* [TASK DIRECTIONS] Across the entries below, how many lines have the word "into" in them? Respond with only the number.

□ □ □ □ □

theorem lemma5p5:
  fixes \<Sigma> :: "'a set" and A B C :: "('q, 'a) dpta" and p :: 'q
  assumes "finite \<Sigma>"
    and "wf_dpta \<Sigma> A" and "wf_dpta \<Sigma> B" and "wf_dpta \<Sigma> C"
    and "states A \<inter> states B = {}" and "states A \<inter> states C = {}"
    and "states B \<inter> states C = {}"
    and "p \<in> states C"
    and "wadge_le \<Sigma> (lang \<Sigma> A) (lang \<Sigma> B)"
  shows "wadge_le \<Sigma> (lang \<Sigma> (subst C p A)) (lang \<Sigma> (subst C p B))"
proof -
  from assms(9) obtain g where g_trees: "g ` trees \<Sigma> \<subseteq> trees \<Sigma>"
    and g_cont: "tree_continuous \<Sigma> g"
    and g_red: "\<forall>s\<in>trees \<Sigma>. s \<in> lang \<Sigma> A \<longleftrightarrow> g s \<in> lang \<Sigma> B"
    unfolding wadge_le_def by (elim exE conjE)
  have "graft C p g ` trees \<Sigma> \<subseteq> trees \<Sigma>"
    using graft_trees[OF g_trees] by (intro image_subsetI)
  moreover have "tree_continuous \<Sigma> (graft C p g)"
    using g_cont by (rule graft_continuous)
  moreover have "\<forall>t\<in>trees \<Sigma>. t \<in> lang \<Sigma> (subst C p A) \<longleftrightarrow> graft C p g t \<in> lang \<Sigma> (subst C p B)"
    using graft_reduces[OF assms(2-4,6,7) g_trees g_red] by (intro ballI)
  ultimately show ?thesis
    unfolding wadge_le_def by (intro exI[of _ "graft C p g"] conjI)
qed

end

□ □ □ □ □

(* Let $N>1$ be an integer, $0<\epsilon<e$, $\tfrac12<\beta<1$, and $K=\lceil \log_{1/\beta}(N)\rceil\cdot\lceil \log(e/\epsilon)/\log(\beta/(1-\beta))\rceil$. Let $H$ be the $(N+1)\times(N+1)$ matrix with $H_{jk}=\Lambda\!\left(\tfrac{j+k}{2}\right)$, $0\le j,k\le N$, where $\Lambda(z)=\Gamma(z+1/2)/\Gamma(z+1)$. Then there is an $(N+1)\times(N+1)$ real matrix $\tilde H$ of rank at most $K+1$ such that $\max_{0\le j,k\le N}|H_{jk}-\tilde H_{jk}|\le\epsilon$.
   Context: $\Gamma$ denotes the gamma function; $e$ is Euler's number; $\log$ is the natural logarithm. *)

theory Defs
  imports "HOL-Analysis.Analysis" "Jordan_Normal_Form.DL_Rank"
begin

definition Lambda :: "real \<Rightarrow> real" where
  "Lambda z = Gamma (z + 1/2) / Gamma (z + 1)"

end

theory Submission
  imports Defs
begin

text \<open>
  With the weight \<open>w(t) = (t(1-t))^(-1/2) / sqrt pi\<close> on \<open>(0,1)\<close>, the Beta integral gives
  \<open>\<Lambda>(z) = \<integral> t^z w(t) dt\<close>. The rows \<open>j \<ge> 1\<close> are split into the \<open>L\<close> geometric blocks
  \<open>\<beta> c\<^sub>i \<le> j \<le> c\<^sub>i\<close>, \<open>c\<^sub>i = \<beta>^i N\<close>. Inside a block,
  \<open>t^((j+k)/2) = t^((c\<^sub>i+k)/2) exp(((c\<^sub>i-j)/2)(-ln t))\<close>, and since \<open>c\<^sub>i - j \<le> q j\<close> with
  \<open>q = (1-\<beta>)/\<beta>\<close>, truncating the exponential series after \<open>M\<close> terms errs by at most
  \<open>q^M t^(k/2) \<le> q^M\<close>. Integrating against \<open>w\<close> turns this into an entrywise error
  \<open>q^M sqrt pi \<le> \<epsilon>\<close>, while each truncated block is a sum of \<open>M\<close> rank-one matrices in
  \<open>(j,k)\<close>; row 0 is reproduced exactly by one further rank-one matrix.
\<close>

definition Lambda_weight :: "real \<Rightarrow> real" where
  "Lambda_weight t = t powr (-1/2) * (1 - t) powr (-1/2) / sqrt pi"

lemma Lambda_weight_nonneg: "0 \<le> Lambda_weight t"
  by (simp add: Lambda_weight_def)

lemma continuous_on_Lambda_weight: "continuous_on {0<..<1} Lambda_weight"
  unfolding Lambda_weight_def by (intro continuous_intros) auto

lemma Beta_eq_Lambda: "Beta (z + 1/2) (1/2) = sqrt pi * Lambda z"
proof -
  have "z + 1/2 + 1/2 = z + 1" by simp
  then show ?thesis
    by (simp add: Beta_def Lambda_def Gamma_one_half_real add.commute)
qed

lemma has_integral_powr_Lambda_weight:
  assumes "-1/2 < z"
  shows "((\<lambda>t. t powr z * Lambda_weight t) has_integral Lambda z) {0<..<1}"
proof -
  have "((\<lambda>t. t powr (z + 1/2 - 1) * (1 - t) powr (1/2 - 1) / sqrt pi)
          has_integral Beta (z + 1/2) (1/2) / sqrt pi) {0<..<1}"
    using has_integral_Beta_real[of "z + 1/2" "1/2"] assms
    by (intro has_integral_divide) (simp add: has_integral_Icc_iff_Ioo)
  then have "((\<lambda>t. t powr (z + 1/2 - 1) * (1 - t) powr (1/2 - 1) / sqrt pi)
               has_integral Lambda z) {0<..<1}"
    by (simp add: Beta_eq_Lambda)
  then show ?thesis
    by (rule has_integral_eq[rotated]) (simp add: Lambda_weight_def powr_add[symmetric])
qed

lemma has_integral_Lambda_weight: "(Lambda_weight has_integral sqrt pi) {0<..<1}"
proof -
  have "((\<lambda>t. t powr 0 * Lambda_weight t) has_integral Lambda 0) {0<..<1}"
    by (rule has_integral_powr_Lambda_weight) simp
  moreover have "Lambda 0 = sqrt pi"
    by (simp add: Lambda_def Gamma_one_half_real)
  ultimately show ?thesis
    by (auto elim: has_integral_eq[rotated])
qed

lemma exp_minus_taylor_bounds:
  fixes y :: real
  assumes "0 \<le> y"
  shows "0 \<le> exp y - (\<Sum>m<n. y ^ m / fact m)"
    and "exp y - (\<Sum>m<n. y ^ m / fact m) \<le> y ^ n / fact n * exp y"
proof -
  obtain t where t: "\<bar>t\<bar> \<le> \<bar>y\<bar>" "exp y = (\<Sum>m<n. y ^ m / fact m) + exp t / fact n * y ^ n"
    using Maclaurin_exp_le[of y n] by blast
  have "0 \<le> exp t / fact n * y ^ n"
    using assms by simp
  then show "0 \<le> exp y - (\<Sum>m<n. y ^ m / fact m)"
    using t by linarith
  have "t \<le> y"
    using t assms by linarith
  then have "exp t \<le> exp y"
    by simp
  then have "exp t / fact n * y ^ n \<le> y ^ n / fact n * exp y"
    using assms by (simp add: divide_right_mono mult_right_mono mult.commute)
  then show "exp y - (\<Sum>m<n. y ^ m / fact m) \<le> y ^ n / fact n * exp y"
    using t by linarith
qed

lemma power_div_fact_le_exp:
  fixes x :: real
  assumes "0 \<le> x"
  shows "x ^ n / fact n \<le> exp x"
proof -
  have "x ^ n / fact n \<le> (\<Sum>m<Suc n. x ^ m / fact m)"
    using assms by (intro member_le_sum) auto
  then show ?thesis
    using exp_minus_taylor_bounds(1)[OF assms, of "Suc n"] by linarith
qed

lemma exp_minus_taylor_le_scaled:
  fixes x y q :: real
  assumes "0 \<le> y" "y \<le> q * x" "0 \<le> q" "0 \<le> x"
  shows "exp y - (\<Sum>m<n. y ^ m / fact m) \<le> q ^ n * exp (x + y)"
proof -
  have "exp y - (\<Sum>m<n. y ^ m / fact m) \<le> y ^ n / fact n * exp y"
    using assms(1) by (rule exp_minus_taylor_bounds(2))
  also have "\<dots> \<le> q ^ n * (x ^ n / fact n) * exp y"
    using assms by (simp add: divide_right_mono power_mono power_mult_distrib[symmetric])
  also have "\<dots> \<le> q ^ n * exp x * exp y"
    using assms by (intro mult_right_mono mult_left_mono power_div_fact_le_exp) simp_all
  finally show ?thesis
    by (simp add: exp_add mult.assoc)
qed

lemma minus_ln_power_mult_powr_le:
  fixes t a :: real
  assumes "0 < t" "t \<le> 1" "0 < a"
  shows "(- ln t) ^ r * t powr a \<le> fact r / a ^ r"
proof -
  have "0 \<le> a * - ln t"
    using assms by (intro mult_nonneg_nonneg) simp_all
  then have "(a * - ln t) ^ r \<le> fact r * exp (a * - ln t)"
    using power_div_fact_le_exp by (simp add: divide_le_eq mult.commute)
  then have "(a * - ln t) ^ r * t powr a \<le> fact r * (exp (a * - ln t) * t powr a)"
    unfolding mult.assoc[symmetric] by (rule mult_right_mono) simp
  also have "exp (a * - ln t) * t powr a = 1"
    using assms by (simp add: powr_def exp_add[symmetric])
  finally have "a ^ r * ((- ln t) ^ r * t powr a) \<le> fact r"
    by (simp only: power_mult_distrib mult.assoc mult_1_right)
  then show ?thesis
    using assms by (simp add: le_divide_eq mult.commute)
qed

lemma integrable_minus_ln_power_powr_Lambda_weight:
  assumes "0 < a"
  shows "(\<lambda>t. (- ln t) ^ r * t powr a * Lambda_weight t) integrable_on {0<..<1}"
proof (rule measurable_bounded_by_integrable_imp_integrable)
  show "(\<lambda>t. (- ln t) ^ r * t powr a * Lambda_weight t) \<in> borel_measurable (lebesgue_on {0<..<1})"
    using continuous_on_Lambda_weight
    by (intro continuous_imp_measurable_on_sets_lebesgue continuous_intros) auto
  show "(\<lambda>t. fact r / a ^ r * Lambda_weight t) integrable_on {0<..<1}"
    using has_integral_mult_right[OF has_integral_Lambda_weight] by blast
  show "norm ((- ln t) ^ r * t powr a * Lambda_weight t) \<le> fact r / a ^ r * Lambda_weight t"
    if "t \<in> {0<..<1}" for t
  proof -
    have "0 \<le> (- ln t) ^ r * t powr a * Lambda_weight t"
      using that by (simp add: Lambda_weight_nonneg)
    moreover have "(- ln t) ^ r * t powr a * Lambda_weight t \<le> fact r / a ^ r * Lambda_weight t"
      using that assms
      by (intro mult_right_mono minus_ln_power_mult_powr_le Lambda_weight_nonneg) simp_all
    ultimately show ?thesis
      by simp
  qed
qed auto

□ □ □ □ □

* [FINAL ANSWER] 2